ReFIR: Grounding Large Restoration Models with Retrieval Augmentation
Hang Guo, Tao Dai, Zhihao Ouyang, Taolin Zhang, Yaohua Zha, Bin Chen, Shu-tao Xia
TL;DR
This paper tackles hallucination in diffusion-based large restoration models (LRMs) by introducing ReFIR, a training-free Retrieval-Augmented framework that leverages retrieved high-quality reference images. It couples a nearest-neighbor reference retriever with a cross-image injection mechanism that uses separate attention, spatial adaptive gating, and distribution alignment to transfer textures from references into the detail-texture restoration stage of LRMs. The approach is model-agnostic and shows consistent improvements in both fidelity and perceptual quality across datasets without retraining, validating the effectiveness of external knowledge grounding in image restoration. The practical impact is significant: ReFIR can be plugged into existing LRMs to reduce hallucinations while maintaining efficiency and generality, enabling higher-fidelity restoration in challenging real-world degradations.
Abstract
Recent advances in diffusion-based Large Restoration Models (LRMs) have significantly improved photo-realistic image restoration by leveraging the internal knowledge embedded within model weights.
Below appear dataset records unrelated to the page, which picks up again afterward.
lemma linear_operator_diff:
  assumes "vector_space sm" and "linear_operator sm D A" and "x \<in> D" and "y \<in> D"
  shows "x - y \<in> D" and "A (x - y) = A x - A y"
proof -
  interpret vector_space sm by fact
  have "sm (-1) y \<in> D" and "A (sm (-1) y) = sm (-1) (A y)"
    using assms(2,4) unfolding linear_operator_def by blast+
  then have "- y \<in> D" and "A (- y) = - A y"
    by simp_all
  then have "x + - y \<in> D" and "A (x + - y) = A x + A (- y)"
    using assms(2,3) unfolding linear_operator_def by blast+
  then show "x - y \<in> D" and "A (x - y) = A x - A y"
    using \<open>A (- y) = - A y\<close> by simp_all
qed

lemma dom_pow_scale:
  assumes "linear_operator sm D A" and "x \<in> dom_pow D A m"
  shows "sm c x \<in> dom_pow D A m"
  using assms(2)
proof (induction m arbitrary: x)
  case (Suc m)
  then show ?case using assms(1) unfolding linear_operator_def by auto
qed simp

locale resolvent_bij =
  fixes sm :: "complex \<Rightarrow> 'a::ab_group_add \<Rightarrow> 'a" and D :: "'a set" and A :: "'a \<Rightarrow> 'a"
    and \<mu> :: complex
  assumes vector_space: "vector_space sm"
    and linear: "linear_operator sm D A"
    and bij: "bij_betw (\<lambda>x. sm \<mu> x - A x) D UNIV"
begin

abbreviation R where "R \<equiv> resolvent sm D A \<mu>"

lemma resolvent_in_domain: "R y \<in> D"
  and resolvent_right_inverse: "sm \<mu> (R y) - A (R y) = y"
  and resolvent_left_inverse: "x \<in> D \<Longrightarrow> R (sm \<mu> x - A x) = x"
proof -
  have inj: "inj_on (\<lambda>x. sm \<mu> x - A x) D" and surj: "y \<in> (\<lambda>x. sm \<mu> x - A x) ` D"
    using bij by (auto simp: bij_betw_def)
  show "R y \<in> D"
    unfolding resolvent_def by (rule the_inv_into_into[OF inj surj order_refl])
  show "sm \<mu> (R y) - A (R y) = y"
    unfolding resolvent_def by (rule f_the_inv_into_f[OF inj surj])
  show "x \<in> D \<Longrightarrow> R (sm \<mu> x - A x) = x"
    unfolding resolvent_def by (rule the_inv_into_f_f[OF inj])
qed

lemma A_resolvent: "A (R y) = sm \<mu> (R y) - y"
  using resolvent_right_inverse[of y] by (metis add_diff_cancel_left' diff_add_cancel)

lemma resolvent_commute:
  assumes "x \<in> D"
  shows "A (R x) = R (A x)"
proof -
  have \<mu>R: "sm \<mu> (R x) \<in> D" "A (sm \<mu> (R x)) = sm \<mu> (A (R x))"
    using linear resolvent_in_domain unfolding linear_operator_def by auto
  define u where "u = A (R x)"
  have u: "u = sm \<mu> (R x) - x"
    unfolding u_def by (rule A_resolvent)
  have "u \<in> D"
    unfolding u by (rule linear_operator_diff(1)[OF vector_space linear \<mu>R(1) assms])
  have "sm \<mu> u - A u = A x"
    using linear_operator_diff(2)[OF vector_space linear \<mu>R(1) assms] \<mu>R(2)
    unfolding u[symmetric] by (simp add: u_def)
  then have "R (A x) = u"
    using resolvent_left_inverse[OF \<open>u \<in> D\<close>] by simp
  then show ?thesis
    unfolding u_def ..
qed

lemma scaled_resolvent_minus_id: "x \<in> D \<Longrightarrow> sm \<mu> (R x) - x = R (A x)"
  using A_resolvent[of x] resolvent_commute[of x] by simp

lemma resolvent_dom_pow: "x \<in> dom_pow D A m \<Longrightarrow> R x \<in> dom_pow D A (Suc m)"
proof (induction m arbitrary: x)
  case (Suc m)
  then show ?case
    using resolvent_in_domain resolvent_commute by auto
qed (simp add: resolvent_in_domain)

end

lemma powr_bound_step:
  fixes L B c r :: real
  assumes "L \<ge> 1" and "B \<ge> 0" and "c \<ge> 0"
  shows "(c + B * (L powr -1 + L powr r)) / L \<le> (c + B) * (L powr -1 + L powr (r - 1))"
proof -
  have "L powr -1 = 1 / L" and "L powr (r - 1) = L powr r / L"
    using assms(1) by (simp_all add: powr_minus_divide powr_diff)
  then have lhs: "(c + B * (L powr -1 + L powr r)) / L = c / L + B / L / L + B * L powr r / L"
    and rhs: "(c + B) * (L powr -1 + L powr (r - 1)) = c / L + c * L powr r / L + B / L + B * L powr r / L"
    by (simp_all add: algebra_simps add_divide_distrib)
  have "B / L / L \<le> B / L"
    using divide_left_mono[of 1 L "B / L"] assms by simp
  moreover have "0 \<le> c * L powr r / L"
    using assms by simp
  ultimately show ?thesis
    unfolding lhs rhs by linarith
qed

locale polynomially_bounded_resolvents =
  fixes sm :: "complex \<Rightarrow> 'a::ab_group_add \<Rightarrow> 'a" and P :: "('a \<Rightarrow> real) set"
    and D :: "'a set" and A :: "'a \<Rightarrow> 'a"
    and lam :: "nat \<Rightarrow> complex" and C k :: real
  assumes vector_space: "vector_space sm"
    and seminorms: "\<And>p. p \<in> P \<Longrightarrow> seminorm sm p"
    and linear: "linear_operator sm D A"
    and bij: "\<And>n. bij_betw (\<lambda>x. sm (lam n) x - A x) D UNIV"
    and lam_unbounded: "filterlim (\<lambda>n. cmod (lam n)) at_top sequentially"
    and C_nonneg: "C \<ge> 0"
    and resolvent_bound: "\<forall>p\<in>P. \<exists>q\<in>P. \<forall>x n. p (resolvent sm D A (lam n) x) \<le> C * cmod (lam n) powr k * q x"
begin

abbreviation R where "R n \<equiv> resolvent sm D A (lam n)"

lemma resolvent_bij: "resolvent_bij sm D A (lam n)"
  using vector_space linear bij by (rule resolvent_bij.intro)

lemma scaled_resolvent_estimate:
  assumes "x \<in> dom_pow D A (Suc j)" and "p \<in> P"
  shows "\<exists>B\<ge>0. \<forall>\<^sub>F n in sequentially.
           p (sm (lam n) (R n x) - x) \<le> B * (cmod (lam n) powr -1 + cmod (lam n) powr (k - j))"
  using assms(1)
proof (induction j arbitrary: x)
  case 0
  then have "x \<in> D" by simp
  obtain q where "q \<in> P" and q: "\<And>y n. p (R n y) \<le> C * cmod (lam n) powr k * q y"
    using resolvent_bound assms(2) by blast
  have "0 \<le> q (A x)"
    using seminorm_nonneg seminorms \<open>q \<in> P\<close> by blast
  have "p (sm (lam n) (R n x) - x) \<le> C * q (A x) * (cmod (lam n) powr -1 + cmod (lam n) powr (k - 0))" for n
  proof -
    have "p (sm (lam n) (R n x) - x) = p (R n (A x))"
      using resolvent_bij.scaled_resolvent_minus_id[OF resolvent_bij \<open>x \<in> D\<close>] by simp
    also have "\<dots> \<le> C * cmod (lam n) powr k * q (A x)"
      by (rule q)
    also have "\<dots> \<le> C * q (A x) * (cmod (lam n) powr -1 + cmod (lam n) powr (k - 0))"
      using \<open>0 \<le> q (A x)\<close> C_nonneg by (simp add: algebra_simps)
    finally show ?thesis .
  qed
  then show ?case
    using \<open>0 \<le> q (A x)\<close> C_nonneg by (intro exI[of _ "C * q (A x)"]) simp
next
  case (Suc j)
  then have "x \<in> D" and "A x \<in> dom_pow D A (Suc j)" by auto
  then obtain B where "B \<ge> 0" and B: "\<forall>\<^sub>F n in sequentially.
      p (sm (lam n) (R n (A x)) - A x) \<le> B * (cmod (lam n) powr -1 + cmod (lam n) powr (k - j))"
    using Suc.IH by blast
  have p: "seminorm sm p"
    using seminorms assms(2) .
  have "\<forall>\<^sub>F n in sequentially. cmod (lam n) \<ge> 1"
    using lam_unbounded by (simp add: filterlim_at_top)
  with B have "\<forall>\<^sub>F n in sequentially. p (sm (lam n) (R n x) - x)
      \<le> (p (A x) + B) * (cmod (lam n) powr -1 + cmod (lam n) powr (k - Suc j))"
  proof eventually_elim
    case (elim n)
    then have "lam n \<noteq> 0" by auto
    have "p (sm (lam n) (R n x) - x) = p (R n (A x))"
      using resolvent_bij.scaled_resolvent_minus_id[OF resolvent_bij \<open>x \<in> D\<close>] by simp
    also have "\<dots> \<le> (p (A x) + p (sm (lam n) (R n (A x)) - A x)) / cmod (lam n)"
      by (rule seminorm_le_scaled[OF vector_space p \<open>lam n \<noteq> 0\<close>])
    also have "\<dots> \<le> (p (A x) + B * (cmod (lam n) powr -1 + cmod (lam n) powr (k - j))) / cmod (lam n)"
      using elim(1) elim(2) by (simp add: divide_right_mono)
    also have "\<dots> \<le> (p (A x) + B) * (cmod (lam n) powr -1 + cmod (lam n) powr (k - j - 1))"
      using elim(2) \<open>B \<ge> 0\<close> seminorm_nonneg[OF p] by (rule powr_bound_step)
    finally show ?case
      by (simp add: diff_diff_eq add.commute)
  qed
  then show ?case
    using \<open>B \<ge> 0\<close> seminorm_nonneg[OF p] by (intro exI[of _ "p (A x) + B"]) simp
qed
However, existing LRMs often suffer from the hallucination dilemma, i.e., producing incorrect contents or textures when dealing with severe degradations, due to their heavy reliance on limited internal knowledge. In this paper, we propose an orthogonal solution called the Retrieval-augmented Framework for Image Restoration (ReFIR), which incorporates retrieved images as external knowledge to extend the knowledge boundary of existing LRMs in generating details faithful to the original scene. Specifically, we first introduce the nearest neighbor lookup to retrieve content-relevant high-quality images as reference, after which we propose the cross-image injection to modify existing LRMs to utilize high-quality textures from retrieved images. Thanks to the additional external knowledge, our ReFIR can well handle the hallucination challenge and facilitate faithfully results. Extensive experiments demonstrate that ReFIR can achieve not only high-fidelity but also realistic restoration results. Importantly, our ReFIR requires no training and is adaptable to various LRMs.